REVIEW: Rakit - "Rakit"

By J 'Hirez' H-R

Chain Border

RakitSmells like corporate spirit. This is what we find: Crunchy guitars that are well controlled (like Sad Michael's wife, Bernie, who wrabbed his norman lunch). Random screechings from politely tortured machine tools. Distorted vocals. Pictures of one or more pouting prettyboys. Their lawyer's phone number.

Oh dear. It's corporate industra-rock by numbers. It's a great pity, because 'Rakit' is a fine name for a band - if they were an unruly mob who lurched around drunkenly on stage and gave the audience the impression that they'd set about each other if they managed to finish a song at the same time. But they're not. Rakit would appear to be another mostly-solo effort by one Vinny Rakit (kewl name, dude...) who ropes a couple of his better-looking mates in when there's live work to be done. This is the sountrack for stroppy, over-pierced teenagers with 'issues.'

Given that Rakit have been 'endorsed' (whatever that means) by Lip Service - I'm assuming a clothing firm here. I know little and care about as much of west coast US consumer durables - I'd guess that one would run the risk of being deafened by them while being sneered at by a different set of stroppy teenagers should one happen to venture into such emporia by accident.

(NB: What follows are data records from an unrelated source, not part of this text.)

lemma zero_notin_convex_hull_S_set: "0 \<notin> convex hull (S_set \<alpha> TYPE('n::finite) TYPE('m::finite))"
proof -
  have "convex {P :: complex^('n \<times> 'm)^('n \<times> 'm). Re (trace P) = 1}"
    unfolding convex_def trace_def by (simp add: sum.distrib flip: sum_distrib_left)
  moreover have "S_set \<alpha> TYPE('n) TYPE('m) \<subseteq> {P. Re (trace P) = 1}"
    unfolding S_set_def V_set_def by (auto dest: norm_eq_1_if_admissible simp: Re_trace_outer)
  ultimately have "convex hull (S_set \<alpha> TYPE('n) TYPE('m)) \<subseteq> {P. Re (trace P) = 1}"
    by (rule hull_minimal[rotated])
  then show ?thesis by (auto simp: trace_def)
qed

theorem corollary3p6:
  fixes \<alpha> :: real
  assumes "1 \<le> \<alpha>" and "\<alpha> \<le> real (min CARD('n::finite) CARD('m::finite))"
  shows "K_set \<alpha> TYPE('n) TYPE('m) = cone_gen (S_set \<alpha> TYPE('n) TYPE('m))"
  unfolding K_set_def
  using closed_cone_gen[OF compact_S_set[OF assms(2)] zero_notin_convex_hull_S_set] by simp

end
theory Submission
  imports Defs
begin

text \<open>
  The hat matrix H is symmetric, idempotent and of trace p, so each diagonal entry satisfies
  h_ii = \<Sum>_j h_ij^2 \<ge> h_ii^2; hence 0 \<le> \<theta> \<le> p.
  Both versions of g have the shape a/(n - n1) + b/(n1 (n - n1)) with a = \<mu>4 - \<sigma>^4 \<ge> 0
  (the variance of \<epsilon>^2) and b = (4p + 3\<theta>)\<sigma>^4 > 0. On n/2 \<le> n1 < n
  both n - n1 and n1 (n - n1) decrease, so g is strictly increasing there and the smallest
  admissible n1 wins. Finally V_k = \<sigma>^4 (2/n + b u + c u^2 + d u^3) with u = k/(k - 1),
  b > 0 and c, d \<ge> 0 (this is where \<theta> \<le> p enters); u decreases in k, so the largest
  divisor k = n wins.
\<close>

lemma matrix_inv_right:
  fixes A :: "'a::semiring_1^'n^'n"
  assumes "invertible A"
  shows "A ** matrix_inv A = mat 1"
  using someI_ex[OF assms[unfolded invertible_def]] by (simp add: matrix_inv_def)

lemma matrix_inv_left:
  fixes A :: "'a::semiring_1^'n^'n"
  assumes "invertible A"
  shows "matrix_inv A ** A = mat 1"
  using someI_ex[OF assms[unfolded invertible_def]] by (simp add: matrix_inv_def)

lemma transpose_matrix_inv_symmetric:
  fixes A :: "'a::comm_semiring_1^'n^'n"
  assumes "invertible A" and "transpose A = A"
  shows "transpose (matrix_inv A) = matrix_inv A"
proof -
  have "transpose (matrix_inv A) ** A = mat 1"
    using arg_cong[OF matrix_inv_right[OF assms(1)], of transpose]
    by (simp add: matrix_transpose_mul assms(2))
  then show ?thesis
    by (metis matrix_inv_right[OF assms(1)] matrix_mul_assoc matrix_mul_lid matrix_mul_rid)
qed

lemma invertible_transpose_mult_self:
  fixes X :: "real^'p^'n"
  assumes "rank X = CARD('p)"
  shows "invertible (transpose X ** X)"
proof -
  have inj: "inj ((*v) X)"
    using assms full_rank_injective by blast
  have "x = 0" if "(transpose X ** X) *v x = 0" for x
  proof -
    from that have "(X *v x) v* X = 0"
      by (simp add: matrix_vector_mul_assoc[symmetric])
    then have "inner (X *v x) (X *v x) = 0"
      by (metis dot_lmul_matrix inner_zero_left)
    then show "x = 0"
      using inj by (simp add: inj_on_def)
  qed
  then obtain B where "B ** (transpose X ** X) = mat 1"
    using matrix_left_invertible_ker by blast
  then show ?thesis
    using invertible_left_inverse by blast
qed

lemma hat_matrix_symmetric:
  fixes X :: "real^'p^'n"
  assumes "rank X = CARD('p)"
  shows "transpose (hat_matrix X) = hat_matrix X"
  using transpose_matrix_inv_symmetric[OF invertible_transpose_mult_self[OF assms]]
  by (simp add: hat_matrix_def matrix_transpose_mul matrix_mul_assoc)

lemma hat_matrix_idempotent:
  fixes X :: "real^'p^'n"
  assumes "rank X = CARD('p)"
  shows "hat_matrix X ** hat_matrix X = hat_matrix X"
proof -
  define Ai where "Ai = matrix_inv (transpose X ** X)"
  have "hat_matrix X ** hat_matrix X = X ** (Ai ** (transpose X ** X)) ** Ai ** transpose X"
    by (simp add: hat_matrix_def Ai_def matrix_mul_assoc)
  also have "\<dots> = hat_matrix X"
    using matrix_inv_left[OF invertible_transpose_mult_self[OF assms]]
    by (simp add: hat_matrix_def Ai_def)
  finally show ?thesis .
qed

lemma trace_hat_matrix:
  fixes X :: "real^'p^'n"
  assumes "rank X = CARD('p)"
  shows "trace (hat_matrix X) = real CARD('p)"
proof -
  define Ai where "Ai = matrix_inv (transpose X ** X)"
  have "trace (hat_matrix X) = trace (X ** (Ai ** transpose X))"
    by (simp add: hat_matrix_def Ai_def matrix_mul_assoc)
  also have "\<dots> = trace (Ai ** transpose X ** X)"
    by (rule trace_mul_sym)
  also have "\<dots> = real CARD('p)"
    using matrix_inv_left[OF invertible_transpose_mult_self[OF assms]]
    by (simp add: Ai_def trace_I matrix_mul_assoc)
  finally show ?thesis .
qed

lemma symmetric_idempotent_diag_square_le:
  fixes H :: "real^'n^'n"
  assumes "transpose H = H" and "H ** H = H"
  shows "(H $ i $ i)^2 \<le> H $ i $ i"
proof -
  have "H $ i $ i = (H ** H) $ i $ i"
    using assms(2) by simp
  also have "\<dots> = (\<Sum>j\<in>UNIV. H $ i $ j * transpose H $ i $ j)"
    by (simp add: matrix_matrix_mult_def transpose_def)
  also have "\<dots> = (\<Sum>j\<in>UNIV. (H $ i $ j)^2)"
    using assms(1) by (simp add: power2_eq_square)
  finally show ?thesis
    using member_le_sum[of i UNIV "\<lambda>j. (H $ i $ j)^2"] by simp
qed

lemma theta_nonneg: "0 \<le> theta X"
  unfolding theta_def by (simp add: sum_nonneg)

lemma theta_le_card:
  fixes X :: "real^'p^'n"
  assumes "rank X = CARD('p)"
  shows "theta X \<le> real CARD('p)"
proof -
  have "theta X \<le> (\<Sum>i\<in>UNIV. hat_matrix X $ i $ i)"
    unfolding theta_def using hat_matrix_symmetric[OF assms] hat_matrix_idempotent[OF assms]
    by (intro sum_mono symmetric_idempotent_diag_square_le)
  also have "\<dots> = real CARD('p)"
    using trace_hat_matrix[OF assms] by (simp add: trace_def)
  finally show ?thesis .
qed

lemma less_sum_inverse_upper_half:
  fixes a b n x y :: real
  assumes "0 \<le> a" "0 < b" "n / 2 \<le> x" "x < y" "y < n"
  shows "a / (n - x) + b / (x * (n - x)) < a / (n - y) + b / (y * (n - y))"
proof -
  have "x * (n - x) - y * (n - y) = (y - x) * (x + y - n)"
    by (simp add: algebra_simps)
  also have "\<dots> > 0"
    using assms by (intro mult_pos_pos) auto
  finally have "y * (n - y) < x * (n - x)"
    by simp
  moreover have "0 < y * (n - y)"
    using assms by (intro mult_pos_pos) auto
  ultimately have "b / (x * (n - x)) < b / (y * (n - y))"
    using assms(2) by (intro divide_strict_left_mono) auto
  moreover have "a / (n - x) \<le> a / (n - y)"
    using assms by (intro divide_left_mono) auto
  ultimately show ?thesis
    by linarith
qed

lemma unique_argmin_ceiling_half:
  fixes f :: "nat \<Rightarrow> real"
  assumes "2 \<le> n"
    and increasing: "\<And>m m'. real n / 2 \<le> real m \<Longrightarrow> m < m' \<Longrightarrow> m' \<le> n - 1 \<Longrightarrow> f m < f m'"
  shows "unique_argmin f (\<lambda>n1. real n / 2 \<le> real n1 \<and> n1 \<le> n - 1) (nat \<lceil>real n / 2\<rceil>)"
proof -
  have "nat \<lceil>real n / 2\<rceil> \<le> m" if "real n / 2 \<le> real m" for m
    using that by (simp add: ceiling_le nat_le_iff)
  moreover have "real n / 2 \<le> real (nat \<lceil>real n / 2\<rceil>)" "nat \<lceil>real n / 2\<rceil> \<le> n - 1"
    using \<open>2 \<le> n\<close> by linarith+
  ultimately show ?thesis
    unfolding unique_argmin_def using increasing by (metis le_neq_implies_less)
qed

text \<open>3\<sigma>^4 is the fourth moment of N(0, \<sigma>^2).\<close>

lemma g_normal_eq_g_general: "g_normal n p \<theta> \<sigma> = g_general n p \<theta> \<sigma> (3 * \<sigma>^4)"
  by (simp add: fun_eq_iff g_normal_def g_general_def algebra_simps add_divide_distrib)

lemma unique_argmin_g_general:
  assumes "2 \<le> n" "\<sigma> \<noteq> 0" "\<sigma>^4 \<le> \<mu>4" "0 < 4 * real p + 3 * \<theta>"
  shows "unique_argmin (g_general n p \<theta> \<sigma> \<mu>4)
    (\<lambda>n1. real n / 2 \<le> real n1 \<and> n1 \<le> n - 1) (nat \<lceil>real n / 2\<rceil>)"
proof (rule unique_argmin_ceiling_half[OF assms(1)])
  fix m m' :: nat
  assume "real n / 2 \<le> real m" "m < m'" "m' \<le> n - 1"
  moreover have "0 < (4 * real p + 3 * \<theta>) * \<sigma>^4"
    using assms by simp
  ultimately show "g_general n p \<theta> \<sigma> \<mu>4 m < g_general n p \<theta> \<sigma> \<mu>4 m'"
    unfolding g_general_def using assms
    by (intro less_sum_inverse_upper_half) auto
qed

lemma V_k_eq_cubic:
  assumes "2 \<le> k" "2 \<le> n"
  shows "V_k n p \<theta> \<sigma> k = \<sigma>^4 * (2 / real n
     + ((4 * real p + 3 * \<theta>) / (real n)^2 - \<theta> / (real n * (real n - 1))) * (real k / (real k - 1))
     + real p / (real n)^2 * (real k / (real k - 1))^2
     + 2 * (real p - \<theta>) / (real n * (real n - 1)) * (real k / (real k - 1))^3)"
proof -
  have "real k - 1 \<noteq> 0" "real n - 1 \<noteq> 0"
    using assms by auto
  then show ?thesis
    using assms unfolding V_k_def v_k_def c_k_def
    by (simp add: divide_simps) algebra
qed

lemma cubic_strict_mono_on_pos:
  fixes b c d u v :: real
  assumes "0 < b" "0 \<le> c" "0 \<le> d" "0 < u" "u < v"
  shows "b * u + c * u^2 + d * u^3 < b * v + c * v^2 + d * v^3"
proof -
  have "c * u^2 \<le> c * v^2" "d * u^3 \<le> d * v^3"
    using assms by (auto intro: mult_left_mono power_mono)
  moreover have "b * u < b * v"
    using assms by simp
  ultimately show ?thesis
    by linarith
qed

lemma divide_self_minus_one_strict_antimono:
  fixes k m :: real
  assumes "1 < k" "k < m"
  shows "m / (m - 1) < k / (k - 1)"
proof -
  have "1 / (m - 1) < 1 / (k - 1)"
    using assms by (intro frac_less2) auto
  moreover have "m / (m - 1) = 1 + 1 / (m - 1)" "k / (k - 1) = 1 + 1 / (k - 1)"
    using assms by (simp_all add: field_simps)
  ultimately show ?thesis
    by simp
qed
(* Let $(G,O)$ be an equipped finite group such that the elements of $O=C_1\sqcup\dots\sqcup C_m$ generate $G$. Let $n_i=|C_i|$ and let $p_i$ be the order of the elements of $C_i$. Let $s_1\in S(G,O)$ satisfy $\tau_i(s_1)>n_ip_i$ for all $1\le i\le m$, and let $s_2=y_{a_1,b_1}\cdots y_{a_k,b_k}$ be such that $s_1\cdot s_2\in\mathbb S(G,O)^G$. Then there exists $z\in S(G,O)$ with $s_1\cdot s_2=z\cdot(y_{{\bf1},{\bf1}})^k$ in $\mathbb S(G,O)$.
   Context: Conventions: $x^y=y^{-1}xy$, $[x,y]=xyx^{-1}y^{-1}$. An equipped group: $O\subset G$, ${\bf 1}\notin O$, $O$ a union of conjugacy classes $C_1,\dots,C_m$ in fixed order. The strong covering semigroup $\mathbb S(G,O)$ is generated by $x_g$ ($g\in O$) and $y_{a,b}$ ($a,b\in G$) subject to, for all $g_1,g_2,g\in O$, $a,b\in G$: $x_{g_1}x_{g_2}=x_{g_2}x_{g_1^{g_2}}$; $x_gy_{a,b}=y_{a,b}x_{g^{[a,b]}}$; $x_gy_{a,b}=x_{g^{c_1}}y_{ga,b}$, $c_1=ab^{-1}a^{-1}g^{-1}$; $y_{a,b}x_g=y_{a,g^{-1}b}x_{g^{c_2}}$, $c_2=ba^{-1}b^{-1}g$; $x_gy_{a,b}=x_{g^{[a,b]}}y_{a^{g^{[a,b]}},b^{g^{[a,b]}}}$. $S(G,O)$ is its subsemigroup generated by the $x_g$. For $s$ represented by a word, $\tau_i(s)$ is the number of letters $x_g$ with $g\in C_i$, and $G_s$ is the subgroup of $G$ generated by all $g$ and all $a,b$ indexing the letters (both independent of the word); $\mathbb S(G,O)^G=\{s:G_s=G\}$. *)

theory Defs
  imports "HOL-Algebra.Algebra"
begin

text \<open>Conventions: x^y = y^-1 x y, [x,y] = x y x^-1 y^-1.\<close>

definition gconj :: "'a monoid \<Rightarrow> 'a \<Rightarrow> 'a \<Rightarrow> 'a" where
  "gconj G x y = inv\<^bsub>G\<^esub> y \<otimes>\<^bsub>G\<^esub> x \<otimes>\<^bsub>G\<^esub> y"

definition gcomm :: "'a monoid \<Rightarrow> 'a \<Rightarrow> 'a \<Rightarrow> 'a" where
  "gcomm G x y = x \<otimes>\<^bsub>G\<^esub> y \<otimes>\<^bsub>G\<^esub> inv\<^bsub>G\<^esub> x \<otimes>\<^bsub>G\<^esub> inv\<^bsub>G\<^esub> y"

definition conj_class :: "'a monoid \<Rightarrow> 'a \<Rightarrow> 'a set" where
  "conj_class G g = {gconj G g h | h. h \<in> carrier G}"

definition equipped :: "'a monoid \<Rightarrow> 'a set list \<Rightarrow> bool" where
  "equipped G Cs \<longleftrightarrow> group G \<and> distinct Cs
     \<and> (\<forall>C\<in>set Cs. \<exists>g\<in>carrier G. C = conj_class G g)
     \<and> \<one>\<^bsub>G\<^esub> \<notin> \<Union>(set Cs)"

text \<open>Letters of the strong covering semigroup: LX g = x_g and LY a b = y_{a,b}.\<close>
datatype 'a letter = LX 'a | LY 'a 'a

definition valid_letter :: "'a monoid \<Rightarrow> 'a set \<Rightarrow> 'a letter \<Rightarrow> bool" where
  "valid_letter G Os l = (case l of LX g \<Rightarrow> g \<in> Os | LY a b \<Rightarrow> a \<in> carrier G \<and> b \<in> carrier G)"

definition valid_word :: "'a monoid \<Rightarrow> 'a set \<Rightarrow> 'a letter list \<Rightarrow> bool" where
  "valid_word G Os w \<longleftrightarrow> (\<forall>l\<in>set w. valid_letter G Os l)"

inductive base_rel :: "'a monoid \<Rightarrow> 'a set \<Rightarrow> 'a letter list \<Rightarrow> 'a letter list \<Rightarrow> bool"
  for G Os where
  r1: "g1 \<in> Os \<Longrightarrow> g2 \<in> Os \<Longrightarrow> base_rel G Os [LX g1, LX g2] [LX g2, LX (gconj G g1 g2)]"
| r2: "g \<in> Os \<Longrightarrow> a \<in> carrier G \<Longrightarrow> b \<in> carrier G \<Longrightarrow>
       base_rel G Os [LX g, LY a b] [LY a b, LX (gconj G g (gcomm G a b))]"
| r3: "g \<in> Os \<Longrightarrow> a \<in> carrier G \<Longrightarrow> b \<in> carrier G \<Longrightarrow>
       base_rel G Os [LX g, LY a b]
         [LX (gconj G g (a \<otimes>\<^bsub>G\<^esub> inv\<^bsub>G\<^esub> b \<otimes>\<^bsub>G\<^esub> inv\<^bsub>G\<^esub> a \<otimes>\<^bsub>G\<^esub> inv\<^bsub>G\<^esub> g)),
          LY (g \<otimes>\<^bsub>G\<^esub> a) b]"
| r4: "g \<in> Os \<Longrightarrow> a \<in> carrier G \<Longrightarrow> b \<in> carrier G \<Longrightarrow>
       base_rel G Os [LY a b, LX g]
         [LY a (inv\<^bsub>G\<^esub> g \<otimes>\<^bsub>G\<^esub> b),
          LX (gconj G g (b \<otimes>\<^bsub>G\<^esub> inv\<^bsub>G\<^esub> a \<otimes>\<^bsub>G\<^esub> inv\<^bsub>G\<^esub> b \<otimes>\<^bsub>G\<^esub> g))]"
| r5: "g \<in> Os \<Longrightarrow> a \<in> carrier G \<Longrightarrow> b \<in> carrier G \<Longrightarrow>
       base_rel G Os [LX g, LY a b]
         [LX (gconj G g (gcomm G a b)),
          LY (gconj G a (gconj G g (gcomm G a b))) (gconj G b (gconj G g (gcomm G a b)))]"
theorem resolution_mate_classes:
  "resolution (G1 \<union> G2 \<union> G3) D (mate_class ` G3)"
  "card (mate_class ` G3) = card G3"
proof -
  have "D \<subseteq> \<Union>(mate_class ` G3)"
  proof
    fix t assume "t \<in> D"
    then obtain x y where xy: "x \<in> G1" "y \<in> G2" "t = {x, y, td_square G3 D x y}"
      by (rule block_td_square)
    with mate_row[OF xy(1)] have "M x y \<in> G3" "t \<in> mate_class (M x y)"
      unfolding mate_class_def bij_betw_def by blast+
    then show "t \<in> \<Union>(mate_class ` G3)"
      by blast
  qed
  moreover have "disjnt p q" if "p \<in> mate_class ` G3" "q \<in> mate_class ` G3" "p \<noteq> q" for p q
    using that mate_class_unique unfolding disjnt_def by blast
  ultimately have "partition_on D (mate_class ` G3)"
    using mate_class_subset mate_class_nonempty by (intro partition_onI) (blast, assumption, force)
  then show "resolution (G1 \<union> G2 \<union> G3) D (mate_class ` G3)"
    unfolding resolution_def using mate_class_parallel by blast
  have "inj_on mate_class G3"
    using mate_class_nonempty mate_class_unique by (intro inj_onI) blast
  then show "card (mate_class ` G3) = card G3"
    by (rule card_image)
qed

end

lemma transversal_design_resolution:
  assumes "transversal_design G1 G2 G3 D" "G1 \<inter> G2 = {}" "G1 \<inter> G3 = {}" "G2 \<inter> G3 = {}"
    and "has_orthogonal_mate G1 G2 G3 (td_square G3 D)"
  obtains R where "resolution (G1 \<union> G2 \<union> G3) D R" "card R = card G3"
proof -
  obtain M where "latin_square G1 G2 G3 M" "orthogonal_squares G1 G2 G3 G3 (td_square G3 D) M"
    using assms(5) unfolding has_orthogonal_mate_def by blast
  with assms(1-4) interpret tdesign_mate G1 G2 G3 D M
    by unfold_locales
  from resolution_mate_classes that show ?thesis
    by blast
qed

I further note that they're on the soundtrack of some random film, have played at least one awards ceremony and seem to be actively seeking 'viral marketers.' (My words, not theirs. They call it something else, but if a band is advertising for 'street team members' one is bound to wonder just what the devil's going on.) You can call me a horrible old cynic, but this smells so strongly of Corporate Rawk it's unbelievable. Clearly concepts like 'image' and 'visibility' are uppermost in these people's minds and the music is just a necessary part of the 'package.' I bet they talk about 'product' as well.

The music? Oh, yes. Far too tidy. Polished to a sheen, even. There's one that goes loud-quiet-loud-quiet, one about why homelessness is bad, mmkay? And another about a woman what him wrong. Which, with the songs about anger and sharp objects, probably covers the entire spectrum of teen emotions.

(With apologies to the estate of John Lennon for borrowing half a line from the poem 'Sad Michael' that can be found in the book 'In his own write,' which is a fine work and should be available from all good booksellers and most crap ones.)